The trouble is, there are times when the Northwest just has too much electricity. We mostly extract our power from falling water. In spring, when mild weather simultaneously cuts our need for power and melts the snow, most of the runoff still must pass through the turbines of our region’s hydroelectric dams. The extra water can’t all be spilled over dams without saturating the river with nitrogen, which harms protected salmon, violates federal and state law and too many court orders to count. Then the extra electricity has to go somewhere, even if you have to pay people to use it.

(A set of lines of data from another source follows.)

text \<open>
  Greedily chosen words of length r keep pairwise distance at least D as long as the Hamming
  balls of radius D - 1 around the words chosen so far do not cover all q^r words
  (Gilbert--Varshamov). A ball contains q^r P(Bin(r, 1 - 1/q) < D) words, which Hoeffding's
  inequality bounds by q^r exp(-2 t^2 / r) with t = r (1 - 1/q) - (D - 1). For r the integer
  part of the claimed bound one has t^2 \<ge> r ln D, so a ball has at most q^r / D^2 words and
  fewer than D^2 balls cannot cover everything.
\<close>

lemma hamming_dist_Cons:
  "hamming_dist (x # xs) (y # ys) = (if x = y then 0 else 1) + hamming_dist xs ys"
proof -
  have split: "{i. i < length (x # xs) \<and> (x # xs) ! i \<noteq> (y # ys) ! i} =
      (if x = y then {} else {0}) \<union> Suc ` {i. i < length xs \<and> xs ! i \<noteq> ys ! i}"
    by (auto simp: image_iff less_Suc_eq_0_disj)
  have "finite {i. i < length xs \<and> xs ! i \<noteq> ys ! i}" by simp
  then show ?thesis
    unfolding hamming_dist_def split by (subst card_Un_disjoint) (auto simp: card_image)
qed

lemma hamming_dist_commute:
  "length xs = length ys \<Longrightarrow> hamming_dist xs ys = hamming_dist ys xs"
  unfolding hamming_dist_def by metis

definition hamming_ball :: "'a list \<Rightarrow> nat \<Rightarrow> 'a list set" where
  "hamming_ball xs d = {ys. length ys = length xs \<and> hamming_dist xs ys < d}"

definition hamming_ball_volume :: "nat \<Rightarrow> nat \<Rightarrow> nat \<Rightarrow> nat" where
  "hamming_ball_volume q n d = (\<Sum>k<d. (n choose k) * (q - 1) ^ k)"

lemma hamming_ball_volume_Suc_Suc:
  "hamming_ball_volume q (Suc n) (Suc d) =
     hamming_ball_volume q n (Suc d) + (q - 1) * hamming_ball_volume q n d"
proof (induction d)
  case 0
  then show ?case by (simp add: hamming_ball_volume_def)
next
  case (Suc d)
  let ?V = "hamming_ball_volume q"
  define c where "c = q - 1"
  have V: "?V m k = (\<Sum>i<k. (m choose i) * c ^ i)" for m k
    by (simp add: hamming_ball_volume_def c_def)
  have "?V (Suc n) (Suc (Suc d)) = ?V (Suc n) (Suc d) + (Suc n choose Suc d) * c ^ Suc d"
    by (simp add: V)
  also have "\<dots> = (?V n (Suc d) + (n choose Suc d) * c ^ Suc d) + c * (?V n d + (n choose d) * c ^ d)"
    using Suc.IH unfolding c_def[symmetric] by (simp add: algebra_simps)
  also have "\<dots> = ?V n (Suc (Suc d)) + c * ?V n (Suc d)"
    by (simp add: V)
  finally show ?case by (simp add: c_def)
qed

The Bonneville Power Administration, which sells power from federal dams and runs the regional power grid, has yet to pull a King Canute and try to command the waters not to flow and wind not blow. It has yet to find a way to instantaneously dispose of our excess electricity and zap the overflow into the ether. Last spring, when faced with the biggest spring runoff in a generation and more power than it could handle, BPA effectively shut off nearly all the region’s power made by nuclear fission or burning fossil fuel. It gave away power to replace what the coal and gas plants did not make. Then it still had excess, so it intermittently ordered windmills to cease turning. That meant they ceased collecting federal and state tax credits. Millions and millions in subsidies disappeared.

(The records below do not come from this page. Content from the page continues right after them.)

lemma spike_factor_gram_index:
  assumes "1 \<le> k" and "k \<le> r" and "a < n" and "b < n"
  shows "(spike_factor n k r * (spike_factor n k r)\<^sup>T) $$ (a,b)
    = (if a = b \<and> k \<le> a \<and> a < r then 1 else 0) + (if a = r \<and> b = r then 1 + sqrt k else 0)"
proof -
  define z where "z i j = (if k \<le> j then (if i = j then 1 else 0)
      else if i = r then sqrt ((1 + sqrt k) / k) else 0)" for i j :: nat
  have "(spike_factor n k r * (spike_factor n k r)\<^sup>T) $$ (a,b) = (\<Sum>l<r. z a l * z b l)"
    using assms by (simp add: spike_factor_def z_def scalar_prod_def lessThan_atLeast0)
  also have "\<dots> = (\<Sum>l<k. z a l * z b l) + (\<Sum>l\<in>{k..<r}. z a l * z b l)"
    using sum.atLeastLessThan_concat[of 0 k r "\<lambda>l. z a l * z b l"] assms by (simp add: lessThan_atLeast0)
  also have "(\<Sum>l<k. z a l * z b l) = (\<Sum>l<k. if a = r \<and> b = r then (1 + sqrt k) / k else 0)"
    by (intro sum.cong) (auto simp: z_def)
  also have "\<dots> = (if a = r \<and> b = r then 1 + sqrt k else 0)"
    using assms by simp
  also have "(\<Sum>l\<in>{k..<r}. z a l * z b l) = (\<Sum>l\<in>{k..<r}. if l = a then (if a = b then 1 else 0) else 0)"
    by (intro sum.cong) (auto simp: z_def)
  also have "\<dots> = (if a = b \<and> k \<le> a \<and> a < r then 1 else 0)"
    by simp
  finally show ?thesis
    by simp
qed

lemma spike_residual_index:
  assumes "1 \<le> k" and "k \<le> r" and "r < n" and "a < n" and "b < n"
  shows "(id_top n r * (id_top n r)\<^sup>T - spike_factor n k r * (spike_factor n k r)\<^sup>T) $$ (a,b)
    = (if a \<noteq> b then 0 else if a < k then 1 else if a = r then - (1 + sqrt k) else 0)"
  using assms id_top_mult_transpose_index[OF id_top_carrier(1), of a n b r]
    spike_factor_gram_index[OF assms(1,2,4,5)]
  by simp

That caused a fury. The loss of subsidies was characterized as an “environmental catastrophe.” Lawsuits were filed. Appeals were filed. The Federal Energy Regulatory Commission issued a ruling saying that BPA wrongly discriminated against windmills and ordered changes in policy. In response, on Tuesday BPA offered a plan with compensation equal to half the lost windmill revenue, including tax and energy credits lost, when in the future there is too much power. BPA estimates the oversupply issue will come up two years in three. The cost would average $12 million a year, it estimates, and as much as $50 million in very wet years.

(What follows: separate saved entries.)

lemma trep_tclass:
  assumes "set w \<subseteq> tletters G N"
  shows "set (trep (tclass G N w)) \<subseteq> tletters G N" and "tcong G N w (trep (tclass G N w))"
proof -
  have "trep (tclass G N w) \<in> tclass G N w"
    unfolding trep_def using mem_tclass_self [OF assms] by (rule someI)
  then show "set (trep (tclass G N w)) \<subseteq> tletters G N" and "tcong G N w (trep (tclass G N w))"
    by (simp_all add: tclass_def)
qed

lemma tensor_carrierE:
  assumes "A \<in> carrier (tensor G N)"
  obtains w where "set w \<subseteq> tletters G N" and "A = tclass G N w"
  using assms by (auto simp: tensor_def)

lemma tclass_mem_tensor_carrier:
  "set w \<subseteq> tletters G N \<Longrightarrow> tclass G N w \<in> carrier (tensor G N)"
  by (simp add: tensor_def)

lemma one_tensor: "\<one>\<^bsub>tensor G N\<^esub> = tclass G N []"
  by (simp add: tensor_def)

lemma tclass_mult:
  assumes "set u \<subseteq> tletters G N" and "set w \<subseteq> tletters G N"
  shows "tclass G N u \<otimes>\<^bsub>tensor G N\<^esub> tclass G N w = tclass G N (u @ w)"
proof -
  have "tcong G N (u @ w) (trep (tclass G N u) @ trep (tclass G N w))"
    using assms by (intro tcong_append trep_tclass)
  then show ?thesis
    by (simp add: tensor_def tclass_eqI)
qed

lemma group_tensor: "group (tensor G N)"
proof (rule groupI)
  show "\<one>\<^bsub>tensor G N\<^esub> \<in> carrier (tensor G N)"
    by (simp add: one_tensor tclass_mem_tensor_carrier)
next
  fix A B C
  assume "A \<in> carrier (tensor G N)" "B \<in> carrier (tensor G N)" "C \<in> carrier (tensor G N)"
  then obtain u v w where "set u \<subseteq> tletters G N" "set v \<subseteq> tletters G N" "set w \<subseteq> tletters G N"
    and "A = tclass G N u" "B = tclass G N v" "C = tclass G N w"
    by (metis tensor_carrierE)
  moreover have "tclass G N (winv u @ u) = tclass G N []"
    using \<open>set u \<subseteq> tletters G N\<close> by (intro tclass_eqI tcong_winv_append)
  ultimately show "A \<otimes>\<^bsub>tensor G N\<^esub> B \<in> carrier (tensor G N)"
    and "A \<otimes>\<^bsub>tensor G N\<^esub> B \<otimes>\<^bsub>tensor G N\<^esub> C = A \<otimes>\<^bsub>tensor G N\<^esub> (B \<otimes>\<^bsub>tensor G N\<^esub> C)"
    and "\<one>\<^bsub>tensor G N\<^esub> \<otimes>\<^bsub>tensor G N\<^esub> A = A"
    and "\<exists>A' \<in> carrier (tensor G N). A' \<otimes>\<^bsub>tensor G N\<^esub> A = \<one>\<^bsub>tensor G N\<^esub>"
    by (auto simp: tclass_mult tclass_mem_tensor_carrier one_tensor
        intro!: bexI [of _ "tclass G N (winv u)"])
qed

section \<open>Generators of the tensor square\<close>

definition tensor_gen :: "('a, 'b) monoid_scheme \<Rightarrow> 'a \<Rightarrow> 'a \<Rightarrow> 'a tword set" where
  "tensor_gen G x g = tclass G (carrier G) (tgen x g)"

locale tensor_square = group G for G (structure)
begin

abbreviation T :: "'a tword set monoid" where
  "T \<equiv> tensor G (carrier G)"

abbreviation tensor_gen_op :: "'a \<Rightarrow> 'a \<Rightarrow> 'a tword set" (infixl "\<boxtimes>" 75) where
  "x \<boxtimes> g \<equiv> tensor_gen G x g"

sublocale T: group T
  by (rule group_tensor)

lemma tensor_gen_closed [simp]:
  "x \<in> carrier G \<Longrightarrow> g \<in> carrier G \<Longrightarrow> x \<boxtimes> g \<in> carrier T"
  by (simp add: tensor_gen_def tclass_mem_tensor_carrier)

lemma tensor_gen_mult_left:
  assumes "x \<in> carrier G" "x' \<in> carrier G" "g \<in> carrier G"
  shows "(x \<otimes> x') \<boxtimes> g = (gconj G x x' \<boxtimes> gconj G x g) \<otimes>\<^bsub>T\<^esub> (x \<boxtimes> g)"
proof -
  have "tcong G (carrier G) (tgen (x \<otimes> x') g) (tgen (gconj G x x') (gconj G x g) @ tgen x g)"
    by (rule tcong_of_relator, simp add: assms, rule tcong.rel) (unfold trelators_def, use assms in blast)
  then show ?thesis
    using assms by (simp add: tensor_gen_def tclass_mult tclass_eqI)
qed

lemma tensor_gen_mult_right:
  assumes "x \<in> carrier G" "g \<in> carrier G" "g' \<in> carrier G"
  shows "x \<boxtimes> (g \<otimes> g') = (x \<boxtimes> g) \<otimes>\<^bsub>T\<^esub> (gconj G g x \<boxtimes> gconj G g g')"
proof -
  have "tcong G (carrier G) (tgen x (g \<otimes> g')) (tgen x g @ tgen (gconj G g x) (gconj G g g'))"
    by (rule tcong_of_relator, simp add: assms, rule tcong.rel) (unfold trelators_def, use assms in blast)
  then show ?thesis
    using assms by (simp add: tensor_gen_def tclass_mult tclass_eqI)
qed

It’s a balancing act. “This is an important step toward resolving a Northwest issue in a way that works for the Northwest,” said BPA Administrator Steve Wright. “We’re focused on seeking solutions based on regional input that maintain reliability, protect fish and support renewable energy while equitably sharing costs.”
The windmillers and their environmentalist allies will probably hold out for further accommodations, but this plan should move ahead without further draining the wealth of ratepayers for power they do not need and do not use. Somewhere there are limits.